DIRECTIONS FOR THIS TASK:
Would you please output, word for word, the span of the listing below that opens on the line containing "unfolding measurable_cong_sets[OF sets_M" and closes on the line containing "by (simp add: abs_mult mult_right_mono)"? Include both ends and nothing more.

= = = = =

lemma summable_abs_gbinomial_powr:
  fixes a x y :: real
  assumes "\<bar>x\<bar> < y"
  shows "summable (\<lambda>n. \<bar>(a gchoose n) * x ^ n * y powr (a - real n)\<bar>)"
proof -
  define z where "z = x / y"
  have y: "y > 0" using assms by linarith
  have "\<bar>z\<bar> < 1"
    unfolding z_def abs_divide using assms y by simp
  then have z: "norm z < norm ((1 + \<bar>z\<bar>) / 2)" "\<bar>(1 + \<bar>z\<bar>) / 2\<bar> < 1"
    by auto
  have "summable (\<lambda>n. (a gchoose n) * ((1 + \<bar>z\<bar>) / 2) ^ n)"
    using gen_binomial_real[OF z(2), of a] by (rule sums_summable)
  from powser_insidea[OF this z(1)]
  have "summable (\<lambda>n. y powr a * norm ((a gchoose n) * z ^ n))"
    by (rule summable_mult)
  moreover have "y powr a * norm ((a gchoose n) * z ^ n) = \<bar>(a gchoose n) * x ^ n * y powr (a - real n)\<bar>" for n
  proof -
    have "y powr (a - real n) = y powr a / y ^ n"
      using y by (simp add: powr_diff powr_realpow)
    then show ?thesis
      using y by (simp add: z_def abs_mult power_divide)
  qed
  ultimately show ?thesis by (simp only:)
qed

lemma nn_integral_powr_exp:
  fixes b u :: real
  assumes b: "b > 0" and u: "u > 0"
  shows "(\<integral>\<^sup>+x. ennreal (indicator {0<..} x * x powr (b - 1) * exp (- u * x)) \<partial>lborel)
         = ennreal (Gamma b * u powr (- b))"
proof -
  have "(\<integral>\<^sup>+x. ennreal (indicator {0<..} x * x powr (b - 1) * exp (- u * x)) \<partial>lborel)
     = ennreal \<bar>1/u\<bar> * (\<integral>\<^sup>+x. ennreal (indicator {0<..} (0 + (1/u) * x) * (0 + (1/u) * x) powr (b - 1)
                                          * exp (- u * (0 + (1/u) * x))) \<partial>lborel)"
    by (rule nn_integral_real_affine) (use u in auto)
  also have "(\<lambda>x. ennreal (indicator {0<..} (0 + (1/u) * x) * (0 + (1/u) * x) powr (b - 1) * exp (- u * (0 + (1/u) * x))))
     = (\<lambda>x. ennreal (u powr (1 - b)) * ennreal (indicator {0..} x * x powr (b - 1) / exp x))"
  proof
    fix x :: real
    show "ennreal (indicator {0<..} (0 + (1/u) * x) * (0 + (1/u) * x) powr (b - 1) * exp (- u * (0 + (1/u) * x)))
        = ennreal (u powr (1 - b)) * ennreal (indicator {0..} x * x powr (b - 1) / exp x)"
    proof (cases "x > 0")
      case True
      have "(x/u) powr (b-1) = u powr (1-b) * x powr (b-1)"
        using True u by (simp add: powr_divide powr_diff divide_simps powr_minus)
      then show ?thesis using True u
        by (simp add: ennreal_mult'[symmetric] exp_minus field_simps)
    next
      case False
      then show ?thesis using u by (auto simp: indicator_def zero_less_mult_iff zero_less_divide_iff)
    qed
  qed
  also have "(\<integral>\<^sup>+x. ennreal (u powr (1 - b)) * ennreal (indicator {0..} x * x powr (b - 1) / exp x) \<partial>lborel)
     = ennreal (u powr (1 - b)) * ennreal (Gamma b)"
    by (subst nn_integral_cmult) (auto simp: Gamma_conv_nn_integral_real[OF b])
  also have "ennreal \<bar>1/u\<bar> * \<dots> = ennreal (Gamma b * u powr (- b))"
    using u b Gamma_real_pos[OF b]
    by (simp add: ennreal_mult'[symmetric] powr_diff powr_minus field_simps)
  finally show ?thesis .
qed

lemma
  fixes b u :: real
  assumes "b > 0" and "u > 0"
  shows integrable_powr_exp: "integrable lborel (\<lambda>x. indicator {0<..} x * x powr (b - 1) * exp (- u * x))"
    and integral_powr_exp: "(\<integral>x. indicator {0<..} x * x powr (b - 1) * exp (- u * x) \<partial>lborel) = Gamma b * u powr (- b)"
  using nn_integral_eq_integrable[of "\<lambda>x. indicator {0<..} x * x powr (b - 1) * exp (- u * x)" lborel]
        nn_integral_powr_exp[OF assms] Gamma_real_pos[OF assms(1)] assms(2)
  by auto

lemma AE_summable_norm_if_summable_integral_norm:
  fixes f :: "nat \<Rightarrow> 'a \<Rightarrow> 'b::{banach, second_countable_topology}"
  assumes f: "\<And>i. integrable M (f i)" and summable: "summable (\<lambda>i. \<integral>x. norm (f i x) \<partial>M)"
  shows "AE x in M. summable (\<lambda>i. norm (f i x))"
proof -
  have [measurable]: "f i \<in> borel_measurable M" for i
    using f by auto
  have "(\<integral>\<^sup>+x. (\<Sum>i. ennreal (norm (f i x))) \<partial>M) = (\<Sum>i. \<integral>\<^sup>+x. ennreal (norm (f i x)) \<partial>M)"
    by (rule nn_integral_suminf) simp
  also have "\<dots> = (\<Sum>i. ennreal (\<integral>x. norm (f i x) \<partial>M))"
    using f by (subst nn_integral_eq_integral) auto
  also have "\<dots> = ennreal (\<Sum>i. \<integral>x. norm (f i x) \<partial>M)"
    by (rule suminf_ennreal2[OF _ summable]) simp
  finally have "(\<integral>\<^sup>+x. (\<Sum>i. ennreal (norm (f i x))) \<partial>M) \<noteq> \<infinity>"
    by simp
  then have "AE x in M. (\<Sum>i. ennreal (norm (f i x))) \<noteq> \<infinity>"
    by (intro nn_integral_PInf_AE) measurable
  then show ?thesis
    by eventually_elim (rule summable_suminf_not_top, simp_all)
qed

definition gamma_powr_series :: "(nat \<Rightarrow> real) \<Rightarrow> (nat \<Rightarrow> real) \<Rightarrow> real \<Rightarrow> real" where
  "gamma_powr_series c \<beta> x = (if 0 < x then \<Sum>k. c k * x powr (\<beta> k - 1) / Gamma (\<beta> k) else 0)"

lemma borel_measurable_gamma_powr_series [measurable]: "gamma_powr_series c \<beta> \<in> borel_measurable borel"
  unfolding gamma_powr_series_def[abs_def] by measurable

lemma
  fixes c \<beta> :: "nat \<Rightarrow> real" and u :: real
  assumes \<beta>: "\<And>k. \<beta> k > 0" and u: "u > 0" and summable: "summable (\<lambda>k. \<bar>c k * u powr (- \<beta> k)\<bar>)"
  shows integrable_laplace_gamma_powr_series: "integrable lborel (\<lambda>x. exp (- u * x) * gamma_powr_series c \<beta> x)"
    and laplace_gamma_powr_series: "(\<integral>x. exp (- u * x) * gamma_powr_series c \<beta> x \<partial>lborel) = (\<Sum>k. c k * u powr (- \<beta> k))"
proof -
  define f where "f k x = c k / Gamma (\<beta> k) * (indicator {0<..} x * x powr (\<beta> k - 1) * exp (- u * x))" for k x
  have f_int: "integrable lborel (f k)" for k
    unfolding f_def using integrable_powr_exp[OF \<beta> u] by simp
  have f_integral: "(\<integral>x. f k x \<partial>lborel) = c k * u powr (- \<beta> k)" for k
    unfolding f_def using integral_powr_exp[OF \<beta> u] Gamma_real_pos[OF \<beta>, of k] by simp
  have "norm (f k x) = \<bar>c k\<bar> / Gamma (\<beta> k) * (indicator {0<..} x * x powr (\<beta> k - 1) * exp (- u * x))" for k x
    using Gamma_real_pos[OF \<beta>, of k] by (simp add: f_def abs_mult)
  then have "(\<integral>x. norm (f k x) \<partial>lborel) = \<bar>c k * u powr (- \<beta> k)\<bar>" for k
    using integral_powr_exp[OF \<beta> u] Gamma_real_pos[OF \<beta>, of k] by (simp add: abs_mult)
  with summable have summable_norm: "summable (\<lambda>k. \<integral>x. norm (f k x) \<partial>lborel)"
    by simp
  have summable_AE: "AE x in lborel. summable (\<lambda>k. norm (f k x))"
    by (rule AE_summable_norm_if_summable_integral_norm[OF f_int summable_norm])
  have sum_eq: "AE x in lborel. (\<Sum>k. f k x) = exp (- u * x) * gamma_powr_series c \<beta> x"
    using summable_AE
  proof eventually_elim
    case (elim x)
    have "exp (u * x) * f k x = c k * x powr (\<beta> k - 1) / Gamma (\<beta> k)" if "x > 0" for k
      using that by (simp add: f_def exp_minus field_simps)
    then have "x > 0 \<Longrightarrow> gamma_powr_series c \<beta> x = exp (u * x) * (\<Sum>k. f k x)"
      using suminf_mult[OF summable_norm_cancel[OF elim], of "exp (u * x)"] by (simp add: gamma_powr_series_def)
    then show ?case
      by (cases "x > 0") (simp_all add: exp_minus f_def gamma_powr_series_def)
  qed
  note f_measurable [measurable] = borel_measurable_integrable[OF f_int]
  show "integrable lborel (\<lambda>x. exp (- u * x) * gamma_powr_series c \<beta> x)"
    by (rule integrable_cong_AE_imp[OF integrable_suminf[OF f_int summable_AE summable_norm] _ sum_eq])
      measurable
  have "(\<integral>x. exp (- u * x) * gamma_powr_series c \<beta> x \<partial>lborel) = (\<integral>x. (\<Sum>k. f k x) \<partial>lborel)"
    using sum_eq by (intro integral_cong_AE) (auto elim: AE_mp)
  also have "\<dots> = (\<Sum>k. c k * u powr (- \<beta> k))"
    using integral_suminf[OF f_int summable_AE summable_norm] by (simp add: f_integral)
  finally show "(\<integral>x. exp (- u * x) * gamma_powr_series c \<beta> x \<partial>lborel) = (\<Sum>k. c k * u powr (- \<beta> k))" .
qed

definition mittag_leffler_density :: "real \<Rightarrow> real \<Rightarrow> real \<Rightarrow> real \<Rightarrow> real" where
  "mittag_leffler_density \<alpha> lam t =
     gamma_powr_series (\<lambda>k. ((- t) gchoose k) * lam powr (t + real k)) (\<lambda>k. \<alpha> * (t + real k))"

lemma borel_measurable_mittag_leffler_density [measurable]:
  "mittag_leffler_density \<alpha> lam t \<in> borel_measurable borel"
  by (simp add: mittag_leffler_density_def)

lemma mittag_leffler_density_Gamma:
  fixes t :: real
  assumes "t > 0"
  shows "mittag_leffler_density \<alpha> lam t x =
           (if x > 0 then
              (\<Sum>k. (-1) ^ k * (lam powr (t + real k) * Gamma (t + real k))
                      / (Gamma t * Gamma (real k + 1))
                    * x powr (\<alpha> * (t + real k) - 1) / Gamma (\<alpha> * (t + real k)))
            else 0)"
  unfolding mittag_leffler_density_def gamma_powr_series_def gbinomial_uminus_eq_Gamma[OF assms]
  by (simp add: field_simps)

lemma
  fixes \<alpha> lam t u :: real
  assumes \<alpha>: "\<alpha> > 0" and lam: "lam > 0" and t: "t > 0" and u: "u > 0" and lam_less: "lam < u powr \<alpha>"
  shows integrable_laplace_mittag_leffler_density:
      "integrable lborel (\<lambda>x. exp (- u * x) * mittag_leffler_density \<alpha> lam t x)"
    and laplace_mittag_leffler_density:
      "(\<integral>x. exp (- u * x) * mittag_leffler_density \<alpha> lam t x \<partial>lborel) = (lam / (lam + u powr \<alpha>)) powr t"
proof -
  define c where "c k = ((- t) gchoose k) * lam powr (t + real k)" for k
  define \<beta> where "\<beta> k = \<alpha> * (t + real k)" for k
  have \<beta>: "\<beta> k > 0" for k
    using \<alpha> t by (simp add: \<beta>_def)
  have c_u: "c k * u powr (- \<beta> k) = lam powr t * (((- t) gchoose k) * lam ^ k * (u powr \<alpha>) powr (- t - real k))" for k
    using lam by (simp add: c_def \<beta>_def powr_powr powr_add powr_realpow algebra_simps)
  have lam_less': "\<bar>lam\<bar> < u powr \<alpha>"
    using lam lam_less by simp
  have "summable (\<lambda>k. lam powr t * \<bar>((- t) gchoose k) * lam ^ k * (u powr \<alpha>) powr (- t - real k)\<bar>)"
    by (intro summable_mult summable_abs_gbinomial_powr[OF lam_less'])
  then have summable: "summable (\<lambda>k. \<bar>c k * u powr (- \<beta> k)\<bar>)"
    unfolding c_u using lam by (simp add: abs_mult)
  have "(\<lambda>k. c k * u powr (- \<beta> k)) sums (lam powr t * (lam + u powr \<alpha>) powr (- t))"
    unfolding c_u by (intro sums_mult gen_binomial_real'[OF lam_less'])
  moreover have "lam powr t * (lam + u powr \<alpha>) powr (- t) = (lam / (lam + u powr \<alpha>)) powr t"
    using lam by (simp add: powr_divide powr_minus_divide)
  moreover have "mittag_leffler_density \<alpha> lam t = gamma_powr_series c \<beta>"
    unfolding mittag_leffler_density_def c_def[abs_def] \<beta>_def[abs_def] ..
  ultimately show "integrable lborel (\<lambda>x. exp (- u * x) * mittag_leffler_density \<alpha> lam t x)"
    and "(\<integral>x. exp (- u * x) * mittag_leffler_density \<alpha> lam t x \<partial>lborel) = (lam / (lam + u powr \<alpha>)) powr t"
    using integrable_laplace_gamma_powr_series[OF \<beta> u summable]
      laplace_gamma_powr_series[OF \<beta> u summable] by (simp_all add: sums_iff)
qed

lemma integrable_continuous_comp_mult:
  fixes M :: "real measure" and \<phi> g k :: "real \<Rightarrow> real"
  assumes sets_M: "sets M = sets borel" and g: "integrable M g"
    and \<phi>: "continuous_on UNIV \<phi>" "\<And>x. \<phi> x \<in> {0..1}" and k: "continuous_on {0..1} k"
  shows "integrable M (\<lambda>x. k (\<phi> x) * g x)"
proof -
  have "continuous_on UNIV (\<lambda>x. k (\<phi> x))"
    using continuous_on_compose2[OF k \<phi>(1)] \<phi>(2) by blast
  then have [measurable]: "(\<lambda>x. k (\<phi> x)) \<in> borel_measurable M"
    unfolding measurable_cong_sets[OF sets_M refl] by (rule borel_measurable_continuous_onI)
  have "bounded (k ` {0..1})"
    by (intro compact_imp_bounded compact_continuous_image k) simp
  then obtain B where B: "\<And>y. y \<in> {0..1} \<Longrightarrow> \<bar>k y\<bar> \<le> B"
    unfolding bounded_iff by (metis imageI real_norm_def)
  have "\<bar>k (\<phi> x)\<bar> \<le> \<bar>B\<bar>" for x
    using B[OF \<phi>(2)] by (meson abs_ge_self order_trans)
  then have "norm (k (\<phi> x) * g x) \<le> norm (B * g x)" for x
    by (simp add: abs_mult mult_right_mono)
  moreover have "(\<lambda>x. k (\<phi> x) * g x) \<in> borel_measurable M"
    using borel_measurable_integrable[OF g] by measurable
  ultimately show ?thesis
    by (intro Bochner_Integration.integrable_bound[OF integrable_mult_right[OF g, of B]]) auto
qed
(* Let $\varphi$ be a timelike ruled surface of type $M^1_+$ in $\mathbb{R}^3_1$ and let the ruled surface $\varphi^*$ of type $M^2_+$ be a Mannheim offset of $\varphi$. Let $\varphi_{h^*}$ and $\varphi_{a^*}$ be the trajectory ruled surfaces generated by the vectors $\vec h^*$ and $\vec a^*$ of $\varphi^*$. Then (a) $\varphi_{h^*}$ is a Bertrand offset of $\varphi$; (b) $\varphi_{a^*}$ is a Mannheim offset of $\varphi$.
   Context: Work in Minkowski 3-space $\mathbb{R}^3_1$ with $\langle x,y\rangle=-x_1y_1+x_2y_2+x_3y_3$, $\|x\|=\sqrt{|\langle x,x\rangle|}$, and Lorentzian cross product $x\times y=(x_2y_3-x_3y_2,\,x_1y_3-x_3y_1,\,x_2y_1-x_1y_2)$. A ruled surface is $\varphi(s,v)=\vec c(s)+v\vec q(s)$ with $\vec q$ a unit non-null vector field, $d\vec q/ds$ non-null, and $\vec c$ the striction curve ($\langle d\vec q/ds,d\vec c/ds\rangle=0$). Its Frenet frame $\{\vec q,\vec h,\vec a\}$ has central normal $\vec h=\frac{d\vec q/ds}{\|d\vec q/ds\|}$ and asymptotic normal $\vec a=\frac{(d\vec q/ds)\times\vec q}{\|d\vec q/ds\|}$. Type $M^1_+$: $\vec q$ and $\vec h$ spacelike (a timelike surface); type $M^2_+$: $\vec h$ timelike, $\vec q$ and $d\vec q/ds$ spacelike (a spacelike surface). A ruled surface $\varphi^*(s,v)=\vec c^*(s)+v\vec q^*(s)$ with Frenet frame $\{\vec q^*,\vec h^*,\vec a^*\}$ is a Mannheim offset of a ruled surface $\varphi$ if there is a one-to-one correspondence between their rulings such that the asymptotic normal of $\varphi$ is (up to sign) the central normal of $\varphi^*$, i.e. $\vec h^*=\vec a$; it is a Bertrand offset of $\varphi$ if there is a one-to-one correspondence between their rulings such that their central normals coincide (up to sign). Here $\vec c^*=\vec c+R\vec a$ and, with $\theta$ the angle between $\vec q$ and $\vec q^*$, $\vec q^*=\cos\theta\,\vec q+\sin\theta\,\vec h$, $\vec a^*=\sin\theta\,\vec q-\cos\theta\,\vec h$. The trajectory ruled surfaces are $\varphi_{h^*}(s,v)=\vec c^*(s)+v\vec h^*(s)$ and $\varphi_{a^*}(s,v)=\vec c^*(s)+v\vec a^*(s)$. *)

theory Defs
  imports "HOL-Analysis.Analysis"
begin
lemma linear_lower_bound: "\<exists>k>0. \<forall>x. 0 \<le> x \<and> x \<le> B \<longrightarrow> k * x \<le> g x"
proof -
  obtain \<delta> k where "0 < \<delta>" "0 < k" and near: "\<And>x. 0 < x \<Longrightarrow> x < \<delta> \<Longrightarrow> k * x \<le> g x"
    using linear_near_0 by blast
  have near_0: "k * x \<le> g x" if "0 \<le> x" "x < \<delta>" for x
    using near[of x] that zero by (cases "x = 0") auto
  show ?thesis
  proof (cases "B < \<delta>")
    case True
    with near_0 \<open>0 < k\<close> show ?thesis
      by force
  next
    case False
    have "continuous_on {\<delta>/2..B} g"
      by (rule continuous_on_subset[OF continuous]) simp
    then obtain x0 where x0: "x0 \<in> {\<delta>/2..B}" and min: "\<And>y. y \<in> {\<delta>/2..B} \<Longrightarrow> g x0 \<le> g y"
      using continuous_attains_inf[of "{\<delta>/2..B}" g] False \<open>0 < \<delta>\<close> by auto
    have "0 < g x0" "0 < B"
      using x0 \<open>0 < \<delta>\<close> positive by auto
    define k' where "k' = min k (g x0 / B)"
    have "k' * x \<le> g x" if "0 \<le> x" "x \<le> B" for x
    proof (cases "x < \<delta>/2")
      case True
      then have "k' * x \<le> k * x"
        using that by (simp add: k'_def mult_right_mono)
      also have "\<dots> \<le> g x"
        using near_0 True that \<open>0 < \<delta>\<close> by auto
      finally show ?thesis .
    next
      case False
      have "k' * x \<le> g x0 / B * B"
        using that \<open>0 < g x0\<close> \<open>0 < B\<close> by (intro mult_mono) (auto simp: k'_def)
      also have "\<dots> \<le> g x"
        using min[of x] False that \<open>0 < B\<close> by simp
      finally show ?thesis .
    qed
    moreover have "0 < k'"
      using \<open>0 < k\<close> \<open>0 < g x0\<close> \<open>0 < B\<close> by (simp add: k'_def)
    ultimately show ?thesis
      by blast
  qed
qed
lemma card_plus_loopless_le_sum_out_deg:
  assumes "finite V" and "2 \<le> card V" and obs: "strongly_observable_on E V"
  shows "card V + card {v\<in>V. (v, v) \<notin> E} * (card V - 2) \<le> (\<Sum>w\<in>V. out_deg E V w)"
proof -
  have "1 + (card V - 2) * of_bool ((x, x) \<notin> E) \<le> card {w\<in>V. (w, x) \<in> E}" if "x \<in> V" for x
  proof (cases "(x, x) \<in> E")
    case True
    then show ?thesis
      using \<open>finite V\<close> that by (auto simp: card_gt_0_iff Suc_le_eq)
  next
    case False
    then have "{w\<in>V. (w, x) \<in> E} = V - {x}"
      using obs that by (auto simp: strongly_observable_on_def)
    then show ?thesis
      using False that \<open>2 \<le> card V\<close> by simp
  qed
  then have "(\<Sum>x\<in>V. 1 + (card V - 2) * of_bool ((x, x) \<notin> E)) \<le> (\<Sum>x\<in>V. card {w\<in>V. (w, x) \<in> E})"
    by (rule sum_mono)
  also have "\<dots> = (\<Sum>w\<in>V. out_deg E V w)"
    using sum_card_filter_swap[OF \<open>finite V\<close>] by (simp add: out_deg_def out_nbrs_def)
  finally show ?thesis
    using \<open>finite V\<close> unfolding sum.distrib sum_distrib_left[symmetric] by (simp add: Int_def mult.commute)
qed
(* Let $\xi\in\mathbb{C}$ satisfy $|\mathrm{Im}(\xi)|<a/2$, and define $$S_\xi(x,y)=\prod_{n=1}^N\frac{G_R(y_n-x_{n+1}-ia/2-\eta/2+\xi)}{G_L(y_n-x_n+ia/2+\eta/2+\xi)},\qquad x_{N+1}=x_1.$$ Then the operator on $L^2(E)$ given by $(\hat S_\xi f)(x)=\int_ES_\xi(x,y)f(y)\,d\lambda_E(y)$, $f\in L^2(E)$, is a Hilbert–Schmidt operator.
   Context: Fix $a_+,a_->0$, $a=(a_++a_-)/2$, $\eta\in\mathbb{R}$, $N\ge2$. The hyperbolic gamma function $G(z)$ is the meromorphic function on $\mathbb{C}$ given for $|\mathrm{Im}\,z|<a$ by $G(z)=\exp\Big(i\int_0^\infty\frac{dy}{y}\Big(\frac{\sin(2yz)}{2\sinh(a_+y)\sinh(a_-y)}-\frac{z}{a_+a_-y}\Big)\Big)$, extended meromorphically. With $\chi=\frac{\pi}{24}(a_+/a_-+a_-/a_+)$, $G_R(z)=G(z)\exp(i\chi+i\pi z^2/(2a_+a_-))$ and $G_L(z)=G(z)\exp(-i\chi-i\pi z^2/(2a_+a_-))$. $E=\{x\in\mathbb{R}^N: x_1+\cdots+x_N=0\}$ with the Euclidean structure inherited from $\mathbb{R}^N$ and its Lebesgue measure $\lambda_E$. *)

theory Defs
  imports "HOL-Analysis.Analysis"
begin

text \<open>Hyperbolic gamma function, given by its integral representation, valid on the
  strip |Im z| < a = (ap + am)/2.  Only values in this strip are used below.\<close>
definition hgamma :: "real \<Rightarrow> real \<Rightarrow> complex \<Rightarrow> complex" where
  "hgamma ap am z = exp (\<i> * (LINT y:{0<..}|lborel.
      (sin (2 * complex_of_real y * z) / complex_of_real (2 * sinh (ap * y) * sinh (am * y))
       - z / complex_of_real (ap * am * y)) / complex_of_real y))"

definition hchi :: "real \<Rightarrow> real \<Rightarrow> real" where
  "hchi ap am = pi / 24 * (ap / am + am / ap)"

= = = = =

ANSWER TO THIS PROBLEM:
    unfolding measurable_cong_sets[OF sets_M refl] by (rule borel_measurable_continuous_onI)
  have "bounded (k ` {0..1})"
    by (intro compact_imp_bounded compact_continuous_image k) simp
  then obtain B where B: "\<And>y. y \<in> {0..1} \<Longrightarrow> \<bar>k y\<bar> \<le> B"
    unfolding bounded_iff by (metis imageI real_norm_def)
  have "\<bar>k (\<phi> x)\<bar> \<le> \<bar>B\<bar>" for x
    using B[OF \<phi>(2)] by (meson abs_ge_self order_trans)
  then have "norm (k (\<phi> x) * g x) \<le> norm (B * g x)" for x
    by (simp add: abs_mult mult_right_mono)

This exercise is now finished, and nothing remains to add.